[Data entries]
###

(* Let $d\ge1$, $r\in(0,+\infty)$, let $\|\cdot\|$ be a norm on $\mathbb{R}^d$. Assume $P=h\cdot\lambda_d$ with $h\in L^{\frac{d}{d+r}}(\lambda_d)$ and $\int\|x\|^r\,dP(x)<+\infty$. Let $(a_n)_{n\ge1}$ be an $L^r$-optimal greedy quantization sequence for $P$, $a^{(n)}=\{a_1,\dots,a_n\}$, so that $a_1$ is an $L^r$-median of $P$. Assume $\operatorname{supp}(P)\subset A$ and $a_1\in A$ for some set $A$ which is star-shaped with respect to $a_1$ and peakless with respect to $a_1$ in the sense that $$\mathfrak{p}(A,\|\cdot-a_1\|):=\inf\Big\{\frac{\lambda_d(B(x,t)\cap A)}{\lambda_d(B(x,t))}:\ x\in A,\ 0<t\le\|x-a_1\|\Big\}>0.$$ Assume $h$ is almost radial non-increasing on $A$ with respect to $a_1$, with associated norm $\|\cdot\|_0$ and constant $M\in(0,1]$, and let $C_0\in[1,+\infty)$ be such that $\frac1{C_0}\|x\|_0\le\|x\|\le C_0\|x\|_0$ for all $x\in\mathbb{R}^d$. Then $$\forall n\ge2,\quad e_r(a^{(n)},P)\le\kappa^{\mathrm{G,Z,P}}_{d,r,M,C_0,\mathfrak{p}(A,\|\cdot-a_1\|)}\ \|h\|^{\frac1r}_{L^{\frac{d}{d+r}}(\lambda_d)}(n-1)^{-\frac1d},$$ where $$\kappa^{\mathrm{G,Z,P}}_{d,r,M,C_0,\mathfrak{p}(A,\|\cdot-a_1\|)}\le\frac{2C_0^2\,r^{\frac1d}}{d^{\frac1d}M^{d+r}V_d^{\frac1d}\mathfrak{p}(A,\|\cdot-a_1\|)^{\frac1d}}\min_{\varepsilon\in(0,\frac13)}\varphi_r(\varepsilon)^{-\frac1d}.$$
   Context: For a finite nonempty $\Gamma\subset\mathbb{R}^d$, $d(x,\Gamma)=\min_{a\in\Gamma}\|x-a\|$ and $e_r(\Gamma,P)=\big(\int d(x,\Gamma)^r dP(x)\big)^{1/r}$. An $L^r$-optimal greedy quantization sequence for $P$ is a sequence $(a_n)_{n\ge1}$ with $a_{n+1}\in\operatorname{argmin}_{\xi}e_r(a^{(n)}\cup\{\xi\},P)$ for all $n\ge0$, $a^{(0)}=\varnothing$, $a^{(n)}=\{a_1,\dots,a_n\}$. $B(x,t)=\{y:\|y-x\|\le t\}$, $\lambda_d$ Lebesgue measure, $V_d=\lambda_d(B(0,1))$, $\varphi_r(u)=(3^{-r}-u^r)u^d$, $\|h\|_{L^{p}(\lambda_d)}=(\int h^p d\lambda_d)^{1/p}$. A function $f:\mathbb{R}^d\to\mathbb{R}_+$ is almost radial non-increasing on $A$ with respect to $a\in A$ if there exist a norm $\|\cdot\|_0$ on $\mathbb{R}^d$ and a constant $M\in(0,1]$ such that for all $x,y\in A\setminus\{a\}$ with $\|y-a\|_0\le\|x-a\|_0$, one has $f(y)\ge Mf(x)$. *)

theory Defs
  imports "HOL-Probability.Probability"
begin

###

Please provide an exact transcription of each line from the one holding "Context: For a" through the final line of the data above.

   Context: For a finite nonempty $\Gamma\subset\mathbb{R}^d$, $d(x,\Gamma)=\min_{a\in\Gamma}\|x-a\|$ and $e_r(\Gamma,P)=\big(\int d(x,\Gamma)^r dP(x)\big)^{1/r}$. An $L^r$-optimal greedy quantization sequence for $P$ is a sequence $(a_n)_{n\ge1}$ with $a_{n+1}\in\operatorname{argmin}_{\xi}e_r(a^{(n)}\cup\{\xi\},P)$ for all $n\ge0$, $a^{(0)}=\varnothing$, $a^{(n)}=\{a_1,\dots,a_n\}$. $B(x,t)=\{y:\|y-x\|\le t\}$, $\lambda_d$ Lebesgue measure, $V_d=\lambda_d(B(0,1))$, $\varphi_r(u)=(3^{-r}-u^r)u^d$, $\|h\|_{L^{p}(\lambda_d)}=(\int h^p d\lambda_d)^{1/p}$. A function $f:\mathbb{R}^d\to\mathbb{R}_+$ is almost radial non-increasing on $A$ with respect to $a\in A$ if there exist a norm $\|\cdot\|_0$ on $\mathbb{R}^d$ and a constant $M\in(0,1]$ such that for all $x,y\in A\setminus\{a\}$ with $\|y-a\|_0\le\|x-a\|_0$, one has $f(y)\ge Mf(x)$. *)

theory Defs
  imports "HOL-Probability.Probability"
begin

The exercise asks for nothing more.